His eyes widened, his jaw tightening with disbelief. For the briefest moment, I saw something flicker across his face—hurt, confusion, then pity.

“Lucy,” he assured carefully, approaching me as one might a frightened child. “The doctor prescribed Laudanum for your concussion. I was only following his orders.” He paused, lowering his voice. “You don’t have to take it if you don’t want to. I would never force you.”

His maddeningly gentle calm only fueled my panic. The room was spinning now, the air thick with the scent ofroses and earth. My vision tilted, the edges of Sylum’s form bending and breaking in the haze.

I stumbled backward, gripping the edge of a table for balance. “Don’t,” I breathed, though I wasn’t even sure what I meant anymore.

He took another step forward, hands raised slightly in a placating gesture. “Lucy, you’re not well.”

“Don’t say that!” I screamed, the sound sharp enough to make Poe cry out from the rafters above. “Don’t call me that!”

My breath came fast and shallow.
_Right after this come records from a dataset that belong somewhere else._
(* Let $\mathcal T$ be an atomic orbital category. The restricted map $\nabla_u:\mathrm{wIndSys}^{uni}_{\mathcal T}\to\mathrm{Fam}_{\mathcal T}$ has a fully faithful left adjoint given by $\mathcal F\mapsto\underline{\mathbb F}^0_{\mathcal T}\cup E^{\mathcal T}_{\mathcal F}\underline{\mathbb F}^\infty_{\mathcal F}$ and a fully faithful right adjoint; hence it is a cocartesian fibration, with cocartesian transport along $\mathcal F\le\mathcal F'$ given by $\mathcal C\mapsto\mathcal C\vee E^{\mathcal T}_{\mathcal F'}\underline{\mathbb F}^\infty_{\mathcal F'}$.
   Context: For a small category $\mathcal T$, $\mathbb F_{\mathcal T}$ is the full subcategory of $\mathrm{Fun}(\mathcal T^{op},\mathrm{Set})$ on finite coproducts of representables; $\mathcal T$ is orbital if $\mathbb F_{\mathcal T}$ has pullbacks, and atomic if every morphism of $\mathcal T$ admitting a section is an isomorphism. $\mathbb F_V:=\mathbb F_{\mathcal T,/V}$, $*_V$ terminal, $\emptyset_V$ initial, $n\cdot S$ the $n$-fold coproduct; for $U\to V$, $\mathrm{Res}^V_U$ is pullback and $\mathrm{Ind}^V_U$ postcomposition. A full $\mathcal T$-subcategory assigns isomorphism-closed classes $\mathcal C_V\subseteq\mathrm{Ob}\,\mathbb F_V$ stable under restriction. For $S\in\mathbb F_V$ with orbits $U$ and $T_U\in\mathbb F_U$, $\coprod_U^ST_U:=\coprod_U\mathrm{Ind}_U^VT_U$. A $\mathcal T$-weak indexing system is a full $\mathcal T$-subcategory with $\mathcal C_V\neq\emptyset\Rightarrow *_V\in\mathcal C_V$ and closed under $\coprod^S_UT_U$ for $S\in\mathcal C_V$, $T_U\in\mathcal C_U$; these form a lattice under inclusion (join $\vee$). It is unital if every $\mathcal C_V$ is nonempty and $S\sqcup S'\in\mathcal C_V\Rightarrow S,S'\in\mathcal C_V$; $\mathrm{wIndSys}^{uni}_{\mathcal T}$ is the poset of these. A $\mathcal T$-family is a full subcategory $\mathcal F$ with $V\to W$, $W\in\mathcal F\Rightarrow V\in\mathcal F$; $\mathrm{Fam}_{\mathcal T}$ their poset. $\nabla_u(\mathcal C)=\{V\mid 2\cdot *_V\in\mathcal C_V\}$. $\underline{\mathbb F}^0_{\mathcal T}$ has $V$-values $\{\emptyset_V,*_V\}$; $E^{\mathcal T}_{\mathcal F}\underline{\mathbb F}^\infty_{\mathcal F}$ has $V$-values $\{n\cdot *_V\mid n\in\mathbb N\}$ for $V\in\mathcal F$ and $\emptyset$ otherwise. Adjoints of monotone maps: $L\dashv\pi$ iff $L(x)\le y\iff x\le\pi(y)$; fully faithful means order-reflecting. A monotone $\pi:P\to Q$ is a cocartesian fibration if for all $q\le q'$ and $x\in\pi^{-1}(q)$ there is $t_q^{q'}x\in\pi^{-1}(q')$ with: for all $y$ with $q'\le\pi(y)$, $x\le y\iff t_q^{q'}x\le y$ ($t_q^{q'}$ is cocartesian transport). *)

theory Defs
  imports Main
begin

record ('o, 'm) cat =
  Obj :: "'o set"
  Arr :: "'m set"
  Dom :: "'m \<Rightarrow> 'o"
  Cod :: "'m \<Rightarrow> 'o"
  Idt :: "'o \<Rightarrow> 'm"
  Comp :: "'m \<Rightarrow> 'm \<Rightarrow> 'm"   (* Comp C g f = g o f *)

definition is_category :: "('o, 'm) cat \<Rightarrow> bool" where
  "is_category C \<longleftrightarrow>
     (\<forall>V\<in>Obj C. Idt C V \<in> Arr C \<and> Dom C (Idt C V) = V \<and> Cod C (Idt C V) = V) \<and>
     (\<forall>f\<in>Arr C. Dom C f \<in> Obj C \<and> Cod C f \<in> Obj C) \<and>
     (\<forall>f\<in>Arr C. \<forall>g\<in>Arr C. Dom C g = Cod C f \<longrightarrow>
        Comp C g f \<in> Arr C \<and> Dom C (Comp C g f) = Dom C f \<and> Cod C (Comp C g f) = Cod C g) \<and>
     (\<forall>f\<in>Arr C. Comp C (Idt C (Cod C f)) f = f \<and> Comp C f (Idt C (Dom C f)) = f) \<and>
     (\<forall>f\<in>Arr C. \<forall>g\<in>Arr C. \<forall>h\<in>Arr C. Dom C g = Cod C f \<longrightarrow> Dom C h = Cod C g \<longrightarrow>
        Comp C h (Comp C g f) = Comp C (Comp C h g) f)"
The air itself seemed to pulse, the shadows in the corners moving, whispering. I pressed my palms to my eyes, willing them to stop.

When I lowered my hands, Sylum was suddenly closer, his face pale, stricken.

“Lucy, please,” he murmured, reaching for me.

But I recoiled from his touch as though burned. “You’re all trying to make me like her,” I hissed, my voice breaking. “You want to send me away like my mother!”

His mouth opened, but no sound came out. The hurt in his eyes was unbearable.

Then the dizziness crested, black waves swallowing the light, and the room fell away.

I felt his arms catch me before I hit the floor, his voice desperate when he called my name as everything else slipped into shadow.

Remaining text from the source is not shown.